Your objective
Among the entries below, find the line with "using less.prems by auto", then quote it and each following line up to and including the line with "by (intro int_module.span_sum) simp", and nothing else.

Records for the exercise
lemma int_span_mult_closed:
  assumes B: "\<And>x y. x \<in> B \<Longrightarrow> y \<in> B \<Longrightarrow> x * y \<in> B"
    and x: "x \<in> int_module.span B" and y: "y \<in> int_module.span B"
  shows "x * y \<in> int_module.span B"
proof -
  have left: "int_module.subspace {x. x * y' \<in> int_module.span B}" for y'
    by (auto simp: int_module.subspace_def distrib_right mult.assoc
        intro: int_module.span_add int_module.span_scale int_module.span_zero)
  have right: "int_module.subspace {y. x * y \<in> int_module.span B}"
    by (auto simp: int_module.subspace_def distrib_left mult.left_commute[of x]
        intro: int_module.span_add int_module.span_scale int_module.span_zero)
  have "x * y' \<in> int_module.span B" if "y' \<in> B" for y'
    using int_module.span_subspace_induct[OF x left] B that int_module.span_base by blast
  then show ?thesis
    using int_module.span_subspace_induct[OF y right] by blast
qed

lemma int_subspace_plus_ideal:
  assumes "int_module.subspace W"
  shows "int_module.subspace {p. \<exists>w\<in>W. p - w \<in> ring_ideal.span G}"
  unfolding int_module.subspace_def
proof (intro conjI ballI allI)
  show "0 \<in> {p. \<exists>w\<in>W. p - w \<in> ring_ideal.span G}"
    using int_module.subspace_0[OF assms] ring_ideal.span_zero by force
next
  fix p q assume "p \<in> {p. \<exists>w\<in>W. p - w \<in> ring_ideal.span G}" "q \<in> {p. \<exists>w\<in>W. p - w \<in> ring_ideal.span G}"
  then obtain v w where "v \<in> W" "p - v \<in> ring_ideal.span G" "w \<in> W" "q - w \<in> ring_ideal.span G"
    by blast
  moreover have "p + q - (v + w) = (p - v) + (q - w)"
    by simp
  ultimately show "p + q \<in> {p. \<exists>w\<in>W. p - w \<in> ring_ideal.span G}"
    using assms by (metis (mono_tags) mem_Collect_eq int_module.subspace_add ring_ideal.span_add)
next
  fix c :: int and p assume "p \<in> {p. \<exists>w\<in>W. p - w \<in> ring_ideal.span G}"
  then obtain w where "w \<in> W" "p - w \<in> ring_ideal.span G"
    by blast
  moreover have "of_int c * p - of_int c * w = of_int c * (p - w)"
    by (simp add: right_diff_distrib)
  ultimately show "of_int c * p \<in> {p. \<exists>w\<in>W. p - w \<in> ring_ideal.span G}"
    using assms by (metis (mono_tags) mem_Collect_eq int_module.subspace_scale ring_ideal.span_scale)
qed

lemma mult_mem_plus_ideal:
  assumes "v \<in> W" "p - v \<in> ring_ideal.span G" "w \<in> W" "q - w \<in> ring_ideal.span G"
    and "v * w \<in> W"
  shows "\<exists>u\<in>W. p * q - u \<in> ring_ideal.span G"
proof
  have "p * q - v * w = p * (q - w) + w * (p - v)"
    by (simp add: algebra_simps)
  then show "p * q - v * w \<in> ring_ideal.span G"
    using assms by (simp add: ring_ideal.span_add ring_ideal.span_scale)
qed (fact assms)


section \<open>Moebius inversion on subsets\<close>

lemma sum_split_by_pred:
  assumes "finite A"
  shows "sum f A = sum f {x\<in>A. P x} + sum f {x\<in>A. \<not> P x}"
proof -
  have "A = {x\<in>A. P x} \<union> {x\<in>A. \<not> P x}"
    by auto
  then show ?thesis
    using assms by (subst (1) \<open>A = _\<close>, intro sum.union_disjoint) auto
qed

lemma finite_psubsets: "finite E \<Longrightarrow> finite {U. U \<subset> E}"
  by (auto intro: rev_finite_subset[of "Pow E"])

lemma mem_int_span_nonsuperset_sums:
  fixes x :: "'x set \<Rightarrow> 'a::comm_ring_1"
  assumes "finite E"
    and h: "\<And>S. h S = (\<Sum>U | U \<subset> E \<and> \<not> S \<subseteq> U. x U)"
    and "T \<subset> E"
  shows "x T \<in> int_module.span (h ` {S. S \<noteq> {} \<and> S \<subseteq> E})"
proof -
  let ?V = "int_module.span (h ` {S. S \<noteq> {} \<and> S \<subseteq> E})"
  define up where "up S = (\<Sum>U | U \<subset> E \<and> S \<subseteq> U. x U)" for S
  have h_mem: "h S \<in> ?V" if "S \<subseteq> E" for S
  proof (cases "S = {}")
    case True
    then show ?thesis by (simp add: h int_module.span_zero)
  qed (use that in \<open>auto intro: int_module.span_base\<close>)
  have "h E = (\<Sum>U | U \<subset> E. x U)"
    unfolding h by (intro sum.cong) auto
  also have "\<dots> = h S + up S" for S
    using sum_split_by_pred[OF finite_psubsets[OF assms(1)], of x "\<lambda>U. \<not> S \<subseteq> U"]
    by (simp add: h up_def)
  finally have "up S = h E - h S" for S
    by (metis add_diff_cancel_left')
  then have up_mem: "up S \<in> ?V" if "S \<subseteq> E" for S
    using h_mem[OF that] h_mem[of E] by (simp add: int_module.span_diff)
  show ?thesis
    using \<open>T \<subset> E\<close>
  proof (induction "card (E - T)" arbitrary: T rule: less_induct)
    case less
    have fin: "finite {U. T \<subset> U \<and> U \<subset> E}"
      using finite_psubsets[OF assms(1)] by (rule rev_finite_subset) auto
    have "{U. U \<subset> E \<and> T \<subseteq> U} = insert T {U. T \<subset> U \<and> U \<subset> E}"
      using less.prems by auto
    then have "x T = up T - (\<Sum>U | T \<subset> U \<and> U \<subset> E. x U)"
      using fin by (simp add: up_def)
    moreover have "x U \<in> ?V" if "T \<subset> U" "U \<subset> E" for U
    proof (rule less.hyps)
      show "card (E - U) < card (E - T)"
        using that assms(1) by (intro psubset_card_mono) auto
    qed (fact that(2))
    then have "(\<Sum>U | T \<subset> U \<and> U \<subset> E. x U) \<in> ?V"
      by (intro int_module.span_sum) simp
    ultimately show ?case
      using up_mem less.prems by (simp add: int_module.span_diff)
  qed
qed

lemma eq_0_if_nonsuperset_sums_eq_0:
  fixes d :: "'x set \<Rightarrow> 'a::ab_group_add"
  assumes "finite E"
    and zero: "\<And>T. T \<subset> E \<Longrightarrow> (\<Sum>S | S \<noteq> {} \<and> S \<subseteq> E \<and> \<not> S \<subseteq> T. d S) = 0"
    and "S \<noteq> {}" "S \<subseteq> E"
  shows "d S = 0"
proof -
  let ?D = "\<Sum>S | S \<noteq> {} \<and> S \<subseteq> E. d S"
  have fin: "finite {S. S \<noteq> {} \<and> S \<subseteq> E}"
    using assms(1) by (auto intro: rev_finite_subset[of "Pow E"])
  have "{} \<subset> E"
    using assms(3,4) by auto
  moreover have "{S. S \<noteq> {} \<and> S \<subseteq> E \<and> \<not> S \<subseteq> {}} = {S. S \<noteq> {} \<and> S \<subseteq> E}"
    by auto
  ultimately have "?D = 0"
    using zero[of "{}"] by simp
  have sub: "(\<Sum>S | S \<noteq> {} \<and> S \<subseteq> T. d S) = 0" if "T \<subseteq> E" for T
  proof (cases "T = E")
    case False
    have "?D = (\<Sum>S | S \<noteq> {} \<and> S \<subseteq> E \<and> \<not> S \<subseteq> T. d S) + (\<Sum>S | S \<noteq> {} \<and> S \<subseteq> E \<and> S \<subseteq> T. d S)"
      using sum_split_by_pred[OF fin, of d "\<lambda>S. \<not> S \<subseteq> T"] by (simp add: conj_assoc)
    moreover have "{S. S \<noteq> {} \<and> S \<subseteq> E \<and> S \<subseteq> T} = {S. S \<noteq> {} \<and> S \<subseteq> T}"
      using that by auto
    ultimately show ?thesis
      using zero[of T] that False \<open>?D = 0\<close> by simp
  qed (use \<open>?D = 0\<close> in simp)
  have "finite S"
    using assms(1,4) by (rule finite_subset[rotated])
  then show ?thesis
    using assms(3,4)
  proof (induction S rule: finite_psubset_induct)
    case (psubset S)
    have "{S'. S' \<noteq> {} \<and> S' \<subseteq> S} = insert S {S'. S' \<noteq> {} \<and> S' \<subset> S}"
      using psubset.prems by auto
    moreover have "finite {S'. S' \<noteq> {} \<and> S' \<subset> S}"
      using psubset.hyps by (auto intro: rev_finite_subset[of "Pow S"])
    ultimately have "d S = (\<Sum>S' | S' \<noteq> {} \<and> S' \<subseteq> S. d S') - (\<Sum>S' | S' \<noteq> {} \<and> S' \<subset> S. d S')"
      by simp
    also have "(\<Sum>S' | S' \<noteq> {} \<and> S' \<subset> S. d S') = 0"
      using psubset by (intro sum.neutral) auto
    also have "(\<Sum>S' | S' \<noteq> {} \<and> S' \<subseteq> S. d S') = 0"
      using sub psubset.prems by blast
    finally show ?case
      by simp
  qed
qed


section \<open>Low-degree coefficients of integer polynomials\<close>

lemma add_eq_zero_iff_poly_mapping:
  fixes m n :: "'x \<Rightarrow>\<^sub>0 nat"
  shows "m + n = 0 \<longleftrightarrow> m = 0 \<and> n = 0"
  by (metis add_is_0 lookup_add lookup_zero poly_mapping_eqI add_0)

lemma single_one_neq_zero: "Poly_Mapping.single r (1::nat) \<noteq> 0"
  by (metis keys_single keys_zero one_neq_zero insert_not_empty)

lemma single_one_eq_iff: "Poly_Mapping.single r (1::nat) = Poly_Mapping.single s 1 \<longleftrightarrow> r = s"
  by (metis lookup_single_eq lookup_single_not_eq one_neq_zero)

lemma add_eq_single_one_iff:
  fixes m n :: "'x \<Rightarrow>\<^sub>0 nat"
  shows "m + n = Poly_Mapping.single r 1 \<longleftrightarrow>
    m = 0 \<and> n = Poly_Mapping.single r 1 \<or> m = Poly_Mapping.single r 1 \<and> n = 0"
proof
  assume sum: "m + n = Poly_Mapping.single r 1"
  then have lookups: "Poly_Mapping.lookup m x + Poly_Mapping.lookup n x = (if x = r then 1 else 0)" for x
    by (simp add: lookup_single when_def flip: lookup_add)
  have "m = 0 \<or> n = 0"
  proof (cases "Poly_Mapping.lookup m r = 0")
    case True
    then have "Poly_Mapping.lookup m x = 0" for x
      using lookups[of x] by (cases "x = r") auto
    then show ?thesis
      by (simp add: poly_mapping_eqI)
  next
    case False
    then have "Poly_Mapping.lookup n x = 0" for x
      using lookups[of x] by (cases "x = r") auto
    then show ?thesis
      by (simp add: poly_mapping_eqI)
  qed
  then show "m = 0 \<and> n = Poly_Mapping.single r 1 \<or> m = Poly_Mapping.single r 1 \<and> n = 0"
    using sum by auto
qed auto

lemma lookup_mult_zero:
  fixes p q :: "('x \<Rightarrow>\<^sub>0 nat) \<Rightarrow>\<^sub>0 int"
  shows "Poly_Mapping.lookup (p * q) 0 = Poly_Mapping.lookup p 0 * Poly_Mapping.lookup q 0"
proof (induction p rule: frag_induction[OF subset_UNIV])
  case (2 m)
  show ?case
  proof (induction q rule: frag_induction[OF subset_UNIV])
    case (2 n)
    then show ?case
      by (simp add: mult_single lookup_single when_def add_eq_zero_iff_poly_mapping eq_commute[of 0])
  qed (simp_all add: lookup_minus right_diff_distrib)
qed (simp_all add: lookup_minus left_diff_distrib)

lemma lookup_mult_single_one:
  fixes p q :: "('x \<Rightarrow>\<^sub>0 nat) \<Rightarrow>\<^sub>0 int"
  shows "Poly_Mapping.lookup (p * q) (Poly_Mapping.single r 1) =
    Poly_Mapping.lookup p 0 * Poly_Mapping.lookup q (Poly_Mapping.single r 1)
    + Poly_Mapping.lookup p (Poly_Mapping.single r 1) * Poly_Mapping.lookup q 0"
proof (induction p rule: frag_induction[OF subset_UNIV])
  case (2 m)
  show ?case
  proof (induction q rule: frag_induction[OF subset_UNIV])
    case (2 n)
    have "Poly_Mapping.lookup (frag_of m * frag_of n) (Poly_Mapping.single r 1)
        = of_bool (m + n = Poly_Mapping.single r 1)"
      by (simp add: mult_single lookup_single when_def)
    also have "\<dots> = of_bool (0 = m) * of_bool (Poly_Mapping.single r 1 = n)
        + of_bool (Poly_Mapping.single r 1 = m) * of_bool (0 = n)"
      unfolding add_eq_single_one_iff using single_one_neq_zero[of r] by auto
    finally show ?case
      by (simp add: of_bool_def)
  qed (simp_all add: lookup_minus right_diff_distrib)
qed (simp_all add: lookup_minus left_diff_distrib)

Completed task
      using less.prems by auto
    then have "x T = up T - (\<Sum>U | T \<subset> U \<and> U \<subset> E. x U)"
      using fin by (simp add: up_def)
    moreover have "x U \<in> ?V" if "T \<subset> U" "U \<subset> E" for U
    proof (rule less.hyps)
      show "card (E - U) < card (E - T)"
        using that assms(1) by (intro psubset_card_mono) auto
    qed (fact that(2))
    then have "(\<Sum>U | T \<subset> U \<and> U \<subset> E. x U) \<in> ?V"
      by (intro int_module.span_sum) simp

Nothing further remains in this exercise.